▶ **Exercise**: Repeat only the lines below from the one containing "those of budget-active" through the one containing "budget of C", inclusive, exactly as written.

▶ **Recorded data**:

(* Consider $\mathrm{USD}_p$ with $p\in[0,1]$ and let $c_s>0$ be an arbitrary constant. Let $\mathbf{x}(t_0)$ be a configuration at time $t_0$ with weighted bias $\Delta_w(t_0) \geq c_s n$. Let $T_1 := \inf\{t \geq t_0 : x_2(t) = 0\}$. Then $\Pr[T_1 - t_0 \leq 20 c_s^{-1} n\log n] \geq 1-n^{-2}$.
   Context: Population protocol with $n$ agents, each in a state from $\{1,2,\bot\}$ (Opinion 1, Opinion 2, undecided). At each time step a scheduler picks an ordered pair $(i,j)$ of agents uniformly at random, independently of the past; only the initiator $i$ changes state. In $\mathrm{USD}_p$: if the initiator is $2$ and the responder $1$, the initiator becomes $\bot$; if the initiator is $1$ and the responder $2$, the initiator becomes $\bot$ with probability $1-p$ and otherwise stays $1$; if the initiator is $\bot$, it adopts the responder's state; otherwise nothing changes. $x_1(t),x_2(t),u(t)$ are the numbers of agents in states $1,2,\bot$ after $t$ interactions. The weighted bias is $\Delta_w(t) := x_1(t) - (1-p)x_2(t)$. *)

theory Defs
  imports "HOL-Probability.Probability_Mass_Function"
begin

datatype st = One | Two | Und

text \<open>A configuration of n agents: agent i (for i < n) is in state cfg i.\<close>
type_synonym cfg = "nat \<Rightarrow> st"

definition cnt1 :: "nat \<Rightarrow> cfg \<Rightarrow> nat" where
  "cnt1 n c = card {i. i < n \<and> c i = One}"

definition cnt2 :: "nat \<Rightarrow> cfg \<Rightarrow> nat" where
  "cnt2 n c = card {i. i < n \<and> c i = Two}"

definition cntU :: "nat \<Rightarrow> cfg \<Rightarrow> nat" where
  "cntU n c = card {i. i < n \<and> c i = Und}"

definition wbias :: "real \<Rightarrow> nat \<Rightarrow> cfg \<Rightarrow> real" where
  "wbias p n c = real (cnt1 n c) - (1 - p) * real (cnt2 n c)"

text \<open>New state of the initiator (first argument) after meeting the responder.\<close>
definition usd_interact :: "real \<Rightarrow> st \<Rightarrow> st \<Rightarrow> st pmf" where
  "usd_interact p a b =
     (if a = Two \<and> b = One then return_pmf Und
      else if a = One \<and> b = Two then
        map_pmf (\<lambda>becomes_und. if becomes_und then Und else One) (bernoulli_pmf (1 - p))
      else if a = Und then return_pmf b
      else return_pmf a)"
(* Let $k\in\mathbb{N}$ with $k\ge2$. For every actively connected set $S$, there exists a collection $\mathcal{S}_k$ of subsets of $S$, each containing at most $k$ elements, such that $\mathrm{cost}(\mathcal{S}_k)\le\big(1+\frac{1}{\lfloor\log_2 k\rfloor}\big)\cdot\mathrm{cost}(S)$ and $\mathrm{gain}(\mathcal{S}_k)=\mathrm{gain}(\{S\})$.
   Context: Steiner Forest: finite undirected graph $G=(V,E)$, non-negative edge costs $(c_e)_{e\in E}$, set $\mathcal{D}$ of demand pairs $\{a,b\}\subseteq V$ (partners). For $U\subseteq V$, $\delta(U)$ is the set of edges with exactly one endpoint in $U$. The $\varepsilon$-extended moat-growing algorithm (fixed $\varepsilon\ge0$): time $t$ increases continuously from $0$ at unit rate; it maintains tight edges $F$ (initially empty), duals $y_S(t)\ge0$ (initially $0$), and budgets of components (initially $0$). $\mathcal{C}^t$ is the family of vertex sets of connected components of $(V,F)$. A component is demand-active if it contains a vertex not connected in $(V,F)$ to some partner; budget-active if not demand-active but with positive budget; active if either; $\mathcal{A}^t$ is the set of active components. Each $y_S$, $S\in\mathcal{A}^t$, grows at unit rate; budgets of demand-active components grow at rate $\varepsilon$ and of budget-active ones decrease at rate $1$; an edge $e$ with $\sum_{S:e\in\delta(S)}y_S(t)=c_e$ becomes tight and is added to $F$; merging components add budgets. The deactivation time $\tau_v$ of $v$ is the largest $t$ such that for all $s<t$, $v$ lies in a set of $\mathcal{A}^s$. Vertices $u,v$ are actively connected if for some $t$ they lie in a common set of $\mathcal{C}^t$ and $\tau_u,\tau_v\ge t$; this is an equivalence relation and a set is actively connected if contained in one equivalence class. For a collection $\mathcal{S}$ of actively connected sets, $\mathcal{A}^t/\mathcal{S}$ arises from $\mathcal{A}^t$ by merging sets of $\mathcal{A}^t$ into a single set whenever they are intersected by the same $S\in\mathcal{S}$ (transitively), and $\mathrm{gain}(\mathcal{S})=2\int_0^\infty(|\mathcal{A}^t|-|\mathcal{A}^t/\mathcal{S}|)\,dt$. For $S\subseteq V$, $\mathrm{cost}(S)$ is the minimum cost $\sum_{e\in F}c_e$ of an edge set $F\subseteq E$ such that all vertices of $S$ lie in one connected component of $(V,F)$; $\mathrm{cost}(\mathcal{S})=\sum_{S\in\mathcal{S}}\mathrm{cost}(S)$. *)

theory Defs
  imports "HOL-Analysis.Analysis"
begin

text \<open>Graphs: vertex set V (finite), edges are 2-element subsets of V,
  edge costs c, demand pairs D (sets {a,b} of vertices).
  An edge set F defines an adjacency relation; components of (V,F).\<close>

definition edge_rel :: "'v set set \<Rightarrow> ('v \<times> 'v) set" where
  "edge_rel F = {(u, v). {u, v} \<in> F}"

definition comps :: "'v set \<Rightarrow> 'v set set \<Rightarrow> 'v set set" where
  "comps V F = V // {(u, v). u \<in> V \<and> v \<in> V \<and> (u, v) \<in> (edge_rel F)\<^sup>*}"

definition delta :: "'v set set \<Rightarrow> 'v set \<Rightarrow> 'v set set" where
  "delta E U = {e \<in> E. card (e \<inter> U) = 1}"

definition demand_active :: "'v set set \<Rightarrow> 'v set \<Rightarrow> bool" where
  "demand_active D C \<longleftrightarrow> (\<exists>v\<in>C. \<exists>u. {v, u} \<in> D \<and> u \<notin> C)"

text \<open>Run data: Fs t = tight edges at time t, Act t = active components at time t.
  Dual variable y_S(t): grows at unit rate while S is active.\<close>
definition dual :: "(real \<Rightarrow> 'v set set) \<Rightarrow> 'v set \<Rightarrow> real \<Rightarrow> real" where
  "dual Act S t = integral {0..t} (\<lambda>s. if S \<in> Act s then 1 else 0)"

definition load :: "'v set \<Rightarrow> 'v set set \<Rightarrow> (real \<Rightarrow> 'v set set) \<Rightarrow> 'v set \<Rightarrow> real \<Rightarrow> real" where
  "load V E Act e t = (\<Sum>S\<in>{S. S \<subseteq> V \<and> e \<in> delta E S}. dual Act S t)"

text \<open>Budget of a component C at time t: budgets of demand-active components grow at rate eps,
  those of budget-active components decrease at rate 1, and merging adds budgets; hence the
  budget of C is the accumulated change over all (earlier) components contained in C.\<close>
definition budget :: "'v set set \<Rightarrow> real \<Rightarrow> (real \<Rightarrow> 'v set set) \<Rightarrow> 'v set \<Rightarrow> real \<Rightarrow> real" where
  "budget D eps Act C t = integral {0..t}
     (\<lambda>s. eps * real (card {S \<in> Act s. S \<subseteq> C \<and> demand_active D S})
          - real (card {S \<in> Act s. S \<subseteq> C \<and> \<not> demand_active D S}))"

definition moat_run :: "'v set \<Rightarrow> 'v set set \<Rightarrow> ('v set \<Rightarrow> real) \<Rightarrow> 'v set set \<Rightarrow> real
     \<Rightarrow> (real \<Rightarrow> 'v set set) \<Rightarrow> (real \<Rightarrow> 'v set set) \<Rightarrow> bool" where
  "moat_run V E c D eps Fs Act \<longleftrightarrow>
     (\<forall>S t. (\<lambda>s. if S \<in> Act s then 1 else (0::real)) integrable_on {0..t}) \<and>
     (\<forall>t\<ge>0. Fs t = {e \<in> E. load V E Act e t \<ge> c e}) \<and>
     (\<forall>t\<ge>0. Act t = {C \<in> comps V (Fs t). demand_active D C \<or>
                                         (\<not> demand_active D C \<and> budget D eps Act C t > 0)})"

definition deact_time :: "(real \<Rightarrow> 'v set set) \<Rightarrow> 'v \<Rightarrow> ereal" where
  "deact_time Act v = (SUP t \<in> {t. 0 \<le> t \<and> (\<forall>s. 0 \<le> s \<and> s < t \<longrightarrow> (\<exists>A\<in>Act s. v \<in> A))}. ereal t)"

definition act_conn :: "'v set \<Rightarrow> (real \<Rightarrow> 'v set set) \<Rightarrow> (real \<Rightarrow> 'v set set) \<Rightarrow> 'v \<Rightarrow> 'v \<Rightarrow> bool" where
  "act_conn V Fs Act u v \<longleftrightarrow>
     (\<exists>t\<ge>0. (\<exists>C\<in>comps V (Fs t). u \<in> C \<and> v \<in> C) \<and>
            ereal t \<le> deact_time Act u \<and> ereal t \<le> deact_time Act v)"

definition act_conn_set :: "'v set \<Rightarrow> (real \<Rightarrow> 'v set set) \<Rightarrow> (real \<Rightarrow> 'v set set) \<Rightarrow> 'v set \<Rightarrow> bool" where
  "act_conn_set V Fs Act S \<longleftrightarrow> (\<forall>u\<in>S. \<forall>v\<in>S. act_conn V Fs Act u v)"

definition merge_rel :: "'v set set \<Rightarrow> 'v set set \<Rightarrow> ('v set \<times> 'v set) set" where
  "merge_rel A SS = {(X, Y). X \<in> A \<and> Y \<in> A \<and> (\<exists>S\<in>SS. S \<inter> X \<noteq> {} \<and> S \<inter> Y \<noteq> {})}"

definition quot_fam :: "'v set set \<Rightarrow> 'v set set \<Rightarrow> 'v set set" where
  "quot_fam A SS = (\<lambda>K. \<Union>K) ` (A // {(X, Y). X \<in> A \<and> Y \<in> A \<and> (X, Y) \<in> (merge_rel A SS)\<^sup>*})"

definition gain :: "(real \<Rightarrow> 'v set set) \<Rightarrow> 'v set set \<Rightarrow> real" where
  "gain Act SS = 2 * integral {0..} (\<lambda>t. real (card (Act t)) - real (card (quot_fam (Act t) SS)))"

definition cost_set :: "'v set set \<Rightarrow> ('v set \<Rightarrow> real) \<Rightarrow> 'v set \<Rightarrow> real" where
  "cost_set E c S = Min {sum c F | F. F \<subseteq> E \<and> (\<forall>u\<in>S. \<forall>v\<in>S. (u, v) \<in> (edge_rel F)\<^sup>*)}"

definition cost_coll :: "'v set set \<Rightarrow> ('v set \<Rightarrow> real) \<Rightarrow> 'v set set \<Rightarrow> real" where
  "cost_coll E c SS = (\<Sum>S\<in>SS. cost_set E c S)"

end

theory Submission
  imports Defs
begin

text \<open>A cheapest edge set connecting \<open>S\<close> is reshaped into a binary tree with leaf set \<open>S\<close>
  whose cost, counting edges with multiplicity, is still at most \<open>cost(S)\<close>. Let
  \<open>r = \<lfloor>log 2 k\<rfloor>\<close>. Cutting the tree at the levels \<open>d, d + r, d + 2r, \<dots>\<close> gives pieces with
  at most \<open>2 ^ r \<le> k\<close> leaves; every cut node is paid for by one extra path from it down to a
  leaf of its right subtree. These paths, over all nodes, are disjoint, so for the best of the
  \<open>r\<close> offsets \<open>d\<close> the extra cost is at most \<open>cost(S) / r\<close>.

  The pieces chain \<open>S\<close> together through shared leaves. As \<open>S\<close> is actively connected, at any
  time either all of \<open>S\<close> lies in active components, which the pieces then merge exactly as \<open>S\<close>
  does, or \<open>S\<close> meets at most one active component; so the gain does not change.\<close>

section \<open>Connectivity in edge sets\<close>

definition connects :: "'v set set \<Rightarrow> 'v set \<Rightarrow> bool" where
  "connects F P \<longleftrightarrow> (\<forall>u\<in>P. \<forall>v\<in>P. (u, v) \<in> (edge_rel F)\<^sup>*)"

lemma edge_rel_mono: "F \<subseteq> G \<Longrightarrow> edge_rel F \<subseteq> edge_rel G"
  by (auto simp: edge_rel_def)
(* Let $P(s)=s^\alpha$ with $\alpha>1$. Consider the class of non-migratory SRPT-based online policies on $m$ servers defined as follows. For a server $j$ and time $t$, let $y_j(t)$ be the least remaining processing time among the jobs queued at server $j$, with $y_j(t)=0$ if server $j$ is idle. When a job of size $x$ arrives at time $t$: if the set $\{j : y_j(t)>x\}$ is nonempty, the job is assigned to some server in this set; otherwise it is assigned to any server or held in a central queue. Each server may preempt among the jobs queued at it, but a job once assigned to a server must complete service at that server (no migration); speeds are chosen arbitrarily. Then there is a constant $\kappa>0$ depending only on $\alpha$ such that every policy in this class has competitive ratio at least $\kappa\, m^{1-1/\alpha}$; i.e., the competitive ratio is $\Omega(m^{1-1/\alpha})$.
   Context: There are $m$ identical servers, each of which can run at any speed $s\ge 0$ at power $P(s)$; work is processed at rate $s$. An input instance $\sigma$ is a finite set of jobs with release times and sizes. The cost of a schedule is $C=\int n(t)\,dt+\int\sum_{k=1}^m P(s_k(t))\,dt$, where $n(t)$ is the number of released, unfinished jobs at time $t$ and $s_k(t)$ the speed of server $k$. $\mathsf{OPT}$ is the offline optimal schedule (knowing $\sigma$ in advance, preemption and migration allowed, no job processed on two servers simultaneously). The competitive ratio of an online policy $A$ is $\sup_\sigma C_A(\sigma)/C_{\mathsf{OPT}}(\sigma)$. *)

theory Defs
  imports "HOL-Analysis.Analysis"
begin

text \<open>
  Instances: n jobs indexed 0..<n, release times r i >= 0, sizes x i > 0.
  Schedules: w k i t = speed that server k (k < m) devotes to job i at time t.
\<close>

definition valid_instance :: "nat \<Rightarrow> (nat \<Rightarrow> real) \<Rightarrow> (nat \<Rightarrow> real) \<Rightarrow> bool" where
  "valid_instance n r x \<longleftrightarrow> (\<forall>i<n. 0 \<le> r i \<and> 0 < x i)"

▶ **Your solution**:
  those of budget-active components decrease at rate 1, and merging adds budgets; hence the
  budget of C is the accumulated change over all (earlier) components contained in C.\<close>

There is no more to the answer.